══ TASK INPUT

lemma (in sigma_finite_subalgebra) square_integrable_real_cond_exp:
  fixes u :: "'a \<Rightarrow> real"
  assumes "integrable M u" "integrable M (\<lambda>x. (u x)\<^sup>2)"
  shows "integrable M (\<lambda>x. (real_cond_exp M F u x)\<^sup>2)"
  using integrable_convex_cond_exp[of u UNIV 0 0 "\<lambda>x. x\<^sup>2"] assms by (simp add: convex_power2)

lemma (in finite_measure_subalgebra) integral_residual_mult_real_cond_exp:
  fixes u v :: "'a \<Rightarrow> real"
  assumes [measurable]: "u \<in> borel_measurable M" "v \<in> borel_measurable M"
    and "integrable M (\<lambda>x. (u x)\<^sup>2)" "integrable M (\<lambda>x. (v x)\<^sup>2)"
  defines "u' \<equiv> real_cond_exp M F u" and "v' \<equiv> real_cond_exp M F v"
  shows "(\<integral>x. (u x - u' x) * (v x - v' x) \<partial>M) = (\<integral>x. u x * v x \<partial>M) - (\<integral>x. u' x * v' x \<partial>M)"
proof -
  have u'F [measurable]: "u' \<in> borel_measurable F" and v'F [measurable]: "v' \<in> borel_measurable F"
    unfolding u'_def v'_def by simp_all
  have [measurable]: "u' \<in> borel_measurable M" "v' \<in> borel_measurable M"
    unfolding u'_def v'_def by simp_all
  have "integrable M (\<lambda>x. (u' x)\<^sup>2)" "integrable M (\<lambda>x. (v' x)\<^sup>2)"
    unfolding u'_def v'_def
    using assms square_integrable_imp_integrable[OF assms(1,3)] square_integrable_imp_integrable[OF assms(2,4)]
    by (simp_all add: square_integrable_real_cond_exp)
  then have integrable_mult: "integrable M (\<lambda>x. a x * b x)"
    if "a \<in> {u, v, u', v'}" "b \<in> {u, v, u', v'}" for a b
    using that assms by (auto intro!: square_integrable_imp_integrable_mult)
  have "(\<integral>x. u' x * v x \<partial>M) = (\<integral>x. u' x * v' x \<partial>M)"
    using real_cond_exp_intg(2)[OF integrable_mult u'F, of v] unfolding v'_def by simp
  moreover have "(\<integral>x. v' x * u x \<partial>M) = (\<integral>x. u' x * v' x \<partial>M)"
    using real_cond_exp_intg(2)[OF integrable_mult v'F, of u] unfolding u'_def by (simp add: mult.commute)
  moreover have "(\<integral>x. (u x - u' x) * (v x - v' x) \<partial>M)
      = (\<integral>x. u x * v x \<partial>M) - (\<integral>x. v' x * u x \<partial>M) - (\<integral>x. u' x * v x \<partial>M) + (\<integral>x. u' x * v' x \<partial>M)"
    using integrable_mult[of u v] integrable_mult[of v' u] integrable_mult[of u' v] integrable_mult[of u' v']
    by (simp add: algebra_simps)
  ultimately show ?thesis by simp
qed

lemma (in prob_space) covariance_real_cond_exp_split:
  fixes u v :: "'a \<Rightarrow> real"
  assumes "subalgebra M F"
    and [measurable]: "u \<in> borel_measurable M" "v \<in> borel_measurable M"
    and "integrable M (\<lambda>x. (u x)\<^sup>2)" "integrable M (\<lambda>x. (v x)\<^sup>2)"
  defines "u' \<equiv> real_cond_exp M F u" and "v' \<equiv> real_cond_exp M F v"
  shows "covariance M u v = covariance M u' v' + (\<integral>x. (u x - u' x) * (v x - v' x) \<partial>M)"
proof -
  interpret finite_measure_subalgebra M F by unfold_locales (rule assms(1))
  have u: "integrable M u" and v: "integrable M v"
    using square_integrable_imp_integrable assms(2-5) by blast+
  have "covariance M u v = (\<integral>x. u x * v x \<partial>M) - (\<integral>x. u x \<partial>M) * (\<integral>x. v x \<partial>M)"
    using assms u v by (intro covariance_eq square_integrable_imp_integrable_mult)
  moreover have "covariance M u' v' = (\<integral>x. u' x * v' x \<partial>M) - (\<integral>x. u x \<partial>M) * (\<integral>x. v x \<partial>M)"
  proof -
    have "integrable M (\<lambda>x. u' x * v' x)"
      unfolding u'_def v'_def using assms u v
      by (intro square_integrable_imp_integrable_mult square_integrable_real_cond_exp) simp_all
    then show ?thesis
      unfolding u'_def v'_def
      using covariance_eq[OF real_cond_exp_int(1)[OF u] real_cond_exp_int(1)[OF v]]
      by (simp add: real_cond_exp_int(2)[OF u] real_cond_exp_int(2)[OF v])
  qed
  ultimately show ?thesis
    using integral_residual_mult_real_cond_exp[OF assms(2-5)] unfolding u'_def v'_def by simp
qed

lemma (in prob_space) var_real_cond_exp_diff_bound:
  fixes u v :: "'a \<Rightarrow> real"
  assumes "subalgebra M F"
    and [measurable]: "u \<in> borel_measurable M" "v \<in> borel_measurable M"
    and "integrable M (\<lambda>x. (u x)\<^sup>2)" "integrable M (\<lambda>x. (v x)\<^sup>2)"
  shows "\<bar>2 * (var M (real_cond_exp M F u) - var M (real_cond_exp M F v)) - (var M u - var M v)\<bar>
           \<le> sqrt ((var M u + var M v)\<^sup>2 - 4 * (covariance M u v)\<^sup>2)"
proof -
  interpret finite_measure_subalgebra M F by unfold_locales (rule assms(1))
  define u' v' where "u' = real_cond_exp M F u" and "v' = real_cond_exp M F v"
  have [measurable]: "u' \<in> borel_measurable M" "v' \<in> borel_measurable M"
    unfolding u'_def v'_def by simp_all
  have "integrable M u" "integrable M v"
    using square_integrable_imp_integrable assms(2-5) by blast+
  then have "integrable M (\<lambda>x. (u' x)\<^sup>2)" "integrable M (\<lambda>x. (v' x)\<^sup>2)"
    unfolding u'_def v'_def using assms by (simp_all add: square_integrable_real_cond_exp)
  then have residuals: "integrable M (\<lambda>x. (u x - u' x)\<^sup>2)" "integrable M (\<lambda>x. (v x - v' x)\<^sup>2)"
    using assms by (simp_all add: square_integrable_diff)
  have var_u: "var M u = var M u' + (\<integral>x. (u x - u' x)\<^sup>2 \<partial>M)"
    using covariance_real_cond_exp_split[OF assms(1,2,2,4,4)]
    by (simp add: var_eq_covariance u'_def power2_eq_square)
  have var_v: "var M v = var M v' + (\<integral>x. (v x - v' x)\<^sup>2 \<partial>M)"
    using covariance_real_cond_exp_split[OF assms(1,3,3,5,5)]
    by (simp add: var_eq_covariance v'_def power2_eq_square)
  have cov_uv: "covariance M u v = covariance M u' v' + (\<integral>x. (u x - u' x) * (v x - v' x) \<partial>M)"
    using covariance_real_cond_exp_split[OF assms] by (simp add: u'_def v'_def)
  show ?thesis
    unfolding var_u var_v cov_uv u'_def[symmetric] v'_def[symmetric]
  proof (rule abs_diff_split_le_sqrt)
    show "(covariance M u' v')\<^sup>2 \<le> var M u' * var M v'"
      by (rule covariance_square_le) fact+
    show "(\<integral>x. (u x - u' x) * (v x - v' x) \<partial>M)\<^sup>2
            \<le> (\<integral>x. (u x - u' x)\<^sup>2 \<partial>M) * (\<integral>x. (v x - v' x)\<^sup>2 \<partial>M)"
      by (rule Cauchy_Schwarz_integral) (simp_all add: residuals)
  qed (simp_all add: var_def)
qed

════

HOW TO COMPLETE THIS TASK: Across the listing, tally every line that includes the word "shows" and supply the total alone.

PROBLEM SOLUTION: 4